▸ **Data listing**:
▼▼▼
lemma frob_inner_cert_E_ge:
  "lam * l1_norm S + lam * (l1_norm (E - P_Omega (supp S) E) / 60 - frob_norm Delta_perp / 3)
     \<le> frob_inner (U * transpose_mat V + W) E + lam * l1_norm S'"
proof -
  let ?P = "P_Omega (supp S)"
  define l1c where "l1c = l1_norm (E - ?P E)"
  have sgnS: "sgn_mat S \<in> carrier_mat n1 n2" unfolding sgn_mat_def using S by auto
  have "frob_inner (U * transpose_mat V + W) E
      = lam * (frob_inner (sgn_mat S) E + frob_inner F E + frob_inner (?P D) E)"
    unfolding cert using sgnS F D E_carrier
    by (simp add: frob_inner_smult_left[of _ n1 n2] frob_inner_add_left[of _ n1 n2])
  moreover have "l1_norm S - frob_inner (sgn_mat S) E + l1c \<le> l1_norm S'"
  proof -
    have "S - E = S'" using S S' by (intro eq_matI) auto
    thus ?thesis using l1_norm_diff_ge[OF S E_carrier] unfolding l1c_def by simp
  qed
  moreover have "- 9/10 * l1c \<le> frob_inner F E"
    using frob_inner_off_support_ge[OF S E_carrier F F_off F_max] unfolding l1c_def by simp
  moreover have "- (l1c / 12 + frob_norm Delta_perp / 3) \<le> frob_inner (?P D) E"
  proof -
    have "frob_norm (?P D) * frob_norm (?P E) \<le> 1/4 * (l1c / 3 + 4/3 * frob_norm Delta_perp)"
      using mult_mono[OF D_le P_Omega_E_le] frob_norm_nonneg unfolding l1c_def by simp
    thus ?thesis using frob_inner_P_Omega_ge[OF D E_carrier, of "supp S"] by simp
  qed
  ultimately have "l1_norm S + (l1c / 60 - frob_norm Delta_perp / 3)
      \<le> (frob_inner (sgn_mat S) E + frob_inner F E + frob_inner (?P D) E) + l1_norm S'"
    and cert_E: "frob_inner (U * transpose_mat V + W) E
      = lam * (frob_inner (sgn_mat S) E + frob_inner F E + frob_inner (?P D) E)"
    by linarith+
  from mult_left_mono[OF this(1), of lam] lam(1) show ?thesis
    unfolding cert_E l1c_def by (simp add: distrib_left)
qed

lemma objective_gap:
  "obj L0 S + (1/10 - lam/3) * frob_norm Delta_perp + lam/60 * l1_norm (E - P_Omega (supp S) E) \<le> obj L' S'"
proof -
  have "frob_inner (U * transpose_mat V + W) L' + frob_norm Delta_perp / 10 \<le> nuc_norm L'"
    using nuc_norm_ge_certificate[OF L' Delta_perp_carrier _ Delta_perp_orthogonal(2)] frob_inner_Delta_perp
      hcat_transpose_mult_eq_0(2)[OF G U Delta_perp_carrier Delta_perp_orthogonal(1)]
    by (cases "frob_norm Delta_perp = 0") (auto simp: power2_eq_square)
  thus ?thesis
    using frob_inner_cert_L' frob_inner_cert_E_ge nuc_norm_L0 by (simp add: algebra_simps)
qed

lemma objective_minimal: "obj L0 S \<le> obj L' S'"
proof -
  have "0 \<le> (1/10 - lam/3) * frob_norm Delta_perp" "0 \<le> lam/60 * l1_norm (E - P_Omega (supp S) E)"
    using lam frob_norm_nonneg l1_norm_nonneg by auto
  thus ?thesis using objective_gap by linarith
qed

lemma sparse_part_unique:
  assumes le: "obj L' S' \<le> obj L0 S"
  shows "S' = S"
proof -
  let ?P = "P_Omega (supp S)"
  have "(1/10 - lam/3) * frob_norm Delta_perp + lam/60 * l1_norm (E - ?P E) \<le> 0"
    using objective_gap le by simp
  moreover have "(1/10 - lam/3) * frob_norm Delta_perp \<ge> 0" "lam/60 * l1_norm (E - ?P E) \<ge> 0"
    using lam frob_norm_nonneg l1_norm_nonneg by auto
  ultimately have "(1/10 - lam/3) * frob_norm Delta_perp = 0" "lam/60 * l1_norm (E - ?P E) = 0" by linarith+
  hence "frob_norm Delta_perp = 0" "l1_norm (E - ?P E) = 0" using lam by auto
  hence "frob_norm (?P E) = 0" "frob_norm (E - ?P E) = 0"
    using P_Omega_E_le frob_norm_le_l1_norm[of "E - ?P E" n1 n2]
      minus_carrier_mat[OF P_Omega_carrier[OF E_carrier], of E] frob_norm_nonneg by (auto intro: antisym)
  hence PE0: "?P E = 0\<^sub>m n1 n2" and PE1: "E - ?P E = 0\<^sub>m n1 n2"
    using frob_norm_eq_0 P_Omega_carrier[OF E_carrier] minus_carrier_mat[OF P_Omega_carrier[OF E_carrier]]
    by auto
  show "S' = S"
  proof (rule eq_matI)
    fix i j assume "i < dim_row S" "j < dim_col S"
    thus "S' $$ (i,j) = S $$ (i,j)"
      using arg_cong[OF PE0, of "\<lambda>A. A $$ (i,j)"] arg_cong[OF PE1, of "\<lambda>A. A $$ (i,j)"] S S'
      by (auto simp: P_Omega_def)
  qed (use S S' in auto)
qed

lemma low_rank_part_eq: "S' = S \<Longrightarrow> L' = L0 + G * (- N)"
proof (rule eq_matI)
  fix i j assume "S' = S" "i < dim_row (L0 + G * (- N))" "j < dim_col (L0 + G * (- N))"
  thus "L' $$ (i,j) = (L0 + G * (- N)) $$ (i,j)"
    using arg_cong[OF E_eq, of "\<lambda>A. A $$ (i,j)"] L' U Sig V G X' X0 S by simp
qed (use L' U Sig V G X' X0 in auto)

lemma minimizer_unique:
  assumes le: "obj L' S' \<le> obj L0 S"
  shows "L' = L0 \<and> S' = S \<and> X' = X0"
proof -
  have S'_eq: "S' = S" by (rule sparse_part_unique[OF le])
  have N0: "- N = 0\<^sub>m rG n2"
  proof (rule ccontr)
    assume "- N \<noteq> 0\<^sub>m rG n2"
    hence "nuc_norm L0 < nuc_norm L'"
      using nuc_norm_add_orthogonal_gt[OF U Sig V UU VV Sig_diag Sig_nonneg G GG GU, of "- N"] N_carrier
      unfolding nuc_norm_L0 low_rank_part_eq[OF S'_eq] by auto
    thus False using le S'_eq by simp
  qed
  have "X' = X0"
  proof (rule eq_matI)
    fix i j assume "i < dim_row X0" "j < dim_col X0"
    thus "X' $$ (i,j) = X0 $$ (i,j)" using arg_cong[OF N0, of "\<lambda>A. A $$ (j,i)"] X' X0 by auto
  qed (use X' X0 in auto)
  moreover have "L' = L0" using low_rank_part_eq[OF S'_eq] N0 G U Sig V by simp
  ultimately show ?thesis using S'_eq by simp
qed

end

lemma unique_minimizer:
  assumes X0: "X0 \<in> carrier_mat n2 rG"
  shows "\<forall>L' S' X'. L' \<in> carrier_mat n1 n2 \<and> S' \<in> carrier_mat n1 n2 \<and> X' \<in> carrier_mat n2 rG \<and>
      L' + G * transpose_mat X' + S' = L0 + G * transpose_mat X0 + S \<longrightarrow>
    obj L0 S \<le> obj L' S' \<and> (obj L' S' \<le> obj L0 S \<longrightarrow> (L', S', X') = (L0, S, X0))"
  using objective_minimal[OF _ _ _ X0] minimizer_unique[OF _ _ _ X0] by blast

end

theorem lemma3:
  fixes n1 n2 r rG rnew :: nat and lam :: real
    and M L S G Unew Snew Vnew W F D :: "real mat"
  assumes M: "M = L + S"
    and dims: "L \<in> carrier_mat n1 n2" "S \<in> carrier_mat n1 n2"
    and "mrank L = r"
    and G: "G \<in> carrier_mat n1 rG" "basis_mat G"
    and "mrank ((1\<^sub>m n1 - G * transpose_mat G) * L) = rnew" "rnew < r"
    and svd: "Unew \<in> carrier_mat n1 rnew" "Snew \<in> carrier_mat rnew rnew" "Vnew \<in> carrier_mat n2 rnew"
       "basis_mat Unew" "basis_mat Vnew"
       "\<forall>i<rnew. \<forall>j<rnew. i \<noteq> j \<longrightarrow> Snew $$ (i,j) = 0"
       "\<forall>i<rnew. Snew $$ (i,i) > 0"
       "(1\<^sub>m n1 - G * transpose_mat G) * L = Unew * Snew * transpose_mat Vnew"
    and PiS: "PiS = {hcat G Unew * transpose_mat Y1 + Y2 * transpose_mat Vnew | Y1 Y2.
                     Y1 \<in> carrier_mat n2 (rG + rnew) \<and> Y2 \<in> carrier_mat n1 rnew}"
    and Omega: "\<Omega> = supp S"
    and incoh: "op_norm n1 n2 (\<lambda>X. P_Omega \<Omega> (proj_onto PiS X)) \<le> 1/4"
    and lam: "0 < lam" "lam < 3/10"
    and WFD: "W \<in> carrier_mat n1 n2" "F \<in> carrier_mat n1 n2" "D \<in> carrier_mat n1 n2"
    and cert: "Unew * transpose_mat Vnew + W = lam \<cdot>\<^sub>m (sgn_mat S + F + P_Omega \<Omega> D)"
    and W: "proj_onto PiS W = 0\<^sub>m n1 n2" "spec_norm W \<le> 9/10"
    and F: "P_Omega \<Omega> F = 0\<^sub>m n1 n2" "max_norm F \<le> 9/10"
    and D: "frob_norm (P_Omega \<Omega> D) \<le> 1/4"
  shows "(let Lnew = (1\<^sub>m n1 - G * transpose_mat G) * L; X0 = transpose_mat L * G;
              feas = (\<lambda>(L', S', X'). L' \<in> carrier_mat n1 n2 \<and> S' \<in> carrier_mat n1 n2
                          \<and> X' \<in> carrier_mat n2 rG \<and> L' + G * transpose_mat X' + S' = M);
              obj = (\<lambda>(L', S', X'). nuc_norm L' + lam * l1_norm S')
          in feas (Lnew, S, X0) \<and>
             (\<forall>L' S' X'. feas (L', S', X') \<longrightarrow>
                 obj (Lnew, S, X0) \<le> obj (L', S', X') \<and>
                 (obj (L', S', X') \<le> obj (Lnew, S, X0) \<longrightarrow> (L', S', X') = (Lnew, S, X0))))"
proof -
  define Lnew where "Lnew = (1\<^sub>m n1 - G * transpose_mat G) * L"
  define X0 where "X0 = transpose_mat L * G"
  have GG: "transpose_mat G * G = 1\<^sub>m rG" and UU: "transpose_mat Unew * Unew = 1\<^sub>m rnew"
    and VV: "transpose_mat Vnew * Vnew = 1\<^sub>m rnew"
    using G svd unfolding basis_mat_def by auto
  have GU: "transpose_mat G * Unew = 0\<^sub>m rG rnew"
    using compl_proj_svd_orthogonal[OF G(1) GG _ svd(1,2,3) VV svd(6)] svd(7,8) dims
    by (auto simp: less_imp_neq[symmetric])
  note H = hcat_carrier[OF G(1) svd(1)] hcat_orthonormal_cols[OF G(1) svd(1) GG UU GU]
  have PiS_tangent: "PiS = tangent_space (hcat G Unew) Vnew"
    unfolding PiS tangent_space_def using H svd(3) by simp
  interpret rpca_dual_certificate n1 n2 rG rnew lam G Unew Snew Vnew S W F D
  proof (unfold_locales)
    show "frob_norm (P_Omega (supp S) (X - tangent_compl_proj (hcat G Unew) Vnew X)) \<le> 1/4 * frob_norm X"
      if "X \<in> carrier_mat n1 n2" for X
      using P_Omega_tangent_proj_le[OF H svd(3) VV _ that] incoh unfolding PiS_tangent Omega by blast
    show "transpose_mat (hcat G Unew) * W = 0\<^sub>m (rG + rnew) n2" "W * Vnew = 0\<^sub>m n1 rnew"
      using proj_onto_tangent_space_eq_0[OF H svd(3) VV WFD(1)] W(1) unfolding PiS_tangent by auto
    show "vnorm (W *\<^sub>v v) \<le> 9/10 * vnorm v" if "v \<in> carrier_vec n2" for v
      by (rule spec_norm_bound[OF WFD(1) W(2) that])
  qed (use G(1) GG svd UU VV GU dims WFD lam cert F D Omega in \<open>auto simp: less_imp_le\<close>)
  have X0: "X0 \<in> carrier_mat n2 rG" unfolding X0_def using dims G(1) by auto
  have feasible: "Lnew + G * transpose_mat X0 + S = M"
    unfolding Lnew_def X0_def M using compl_proj_add_proj[OF G(1), of L n2] dims G(1)
    by (simp add: assoc_add_mat[of _ n1 n2])
  have Lnew: "Lnew = Unew * Snew * transpose_mat Vnew" unfolding Lnew_def by (rule svd(8))
  show ?thesis
    unfolding Let_def Lnew_def[symmetric] X0_def[symmetric] split_beta fst_conv snd_conv
  proof (intro conjI allI impI)
    fix L' S' X' assume "L' \<in> carrier_mat n1 n2 \<and> S' \<in> carrier_mat n1 n2 \<and> X' \<in> carrier_mat n2 rG \<and>
      L' + G * transpose_mat X' + S' = M"
    hence "L' \<in> carrier_mat n1 n2 \<and> S' \<in> carrier_mat n1 n2 \<and> X' \<in> carrier_mat n2 rG \<and>
      L' + G * transpose_mat X' + S' = Unew * Snew * transpose_mat Vnew + G * transpose_mat X0 + S"
      using feasible Lnew by auto
    note optimal = unique_minimizer[OF X0, rule_format, OF this]
    show "nuc_norm Lnew + lam * l1_norm S \<le> nuc_norm L' + lam * l1_norm S'"
      using optimal unfolding Lnew by blast
    assume "nuc_norm L' + lam * l1_norm S' \<le> nuc_norm Lnew + lam * l1_norm S"
    thus "(L', S', X') = (Lnew, S, X0)" using optimal unfolding Lnew by blast
  qed (use feasible X0 dims Lnew U Sig V in auto)
qed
▲▲▲
▸ **What you need to do**:
Using the records above, restate word for word the lines from the one with "l1c \<le> frob_inner" through the one with "L' + frob_norm", both included.

▸ **Result of this exercise**:
  moreover have "- 9/10 * l1c \<le> frob_inner F E"
    using frob_inner_off_support_ge[OF S E_carrier F F_off F_max] unfolding l1c_def by simp
  moreover have "- (l1c / 12 + frob_norm Delta_perp / 3) \<le> frob_inner (?P D) E"
  proof -
    have "frob_norm (?P D) * frob_norm (?P E) \<le> 1/4 * (l1c / 3 + 4/3 * frob_norm Delta_perp)"
      using mult_mono[OF D_le P_Omega_E_le] frob_norm_nonneg unfolding l1c_def by simp
    thus ?thesis using frob_inner_P_Omega_ge[OF D E_carrier, of "supp S"] by simp
  qed
  ultimately have "l1_norm S + (l1c / 60 - frob_norm Delta_perp / 3)
      \<le> (frob_inner (sgn_mat S) E + frob_inner F E + frob_inner (?P D) E) + l1_norm S'"
    and cert_E: "frob_inner (U * transpose_mat V + W) E
      = lam * (frob_inner (sgn_mat S) E + frob_inner F E + frob_inner (?P D) E)"
    by linarith+
  from mult_left_mono[OF this(1), of lam] lam(1) show ?thesis
    unfolding cert_E l1c_def by (simp add: distrib_left)
qed

lemma objective_gap:
  "obj L0 S + (1/10 - lam/3) * frob_norm Delta_perp + lam/60 * l1_norm (E - P_Omega (supp S) E) \<le> obj L' S'"
proof -
  have "frob_inner (U * transpose_mat V + W) L' + frob_norm Delta_perp / 10 \<le> nuc_norm L'"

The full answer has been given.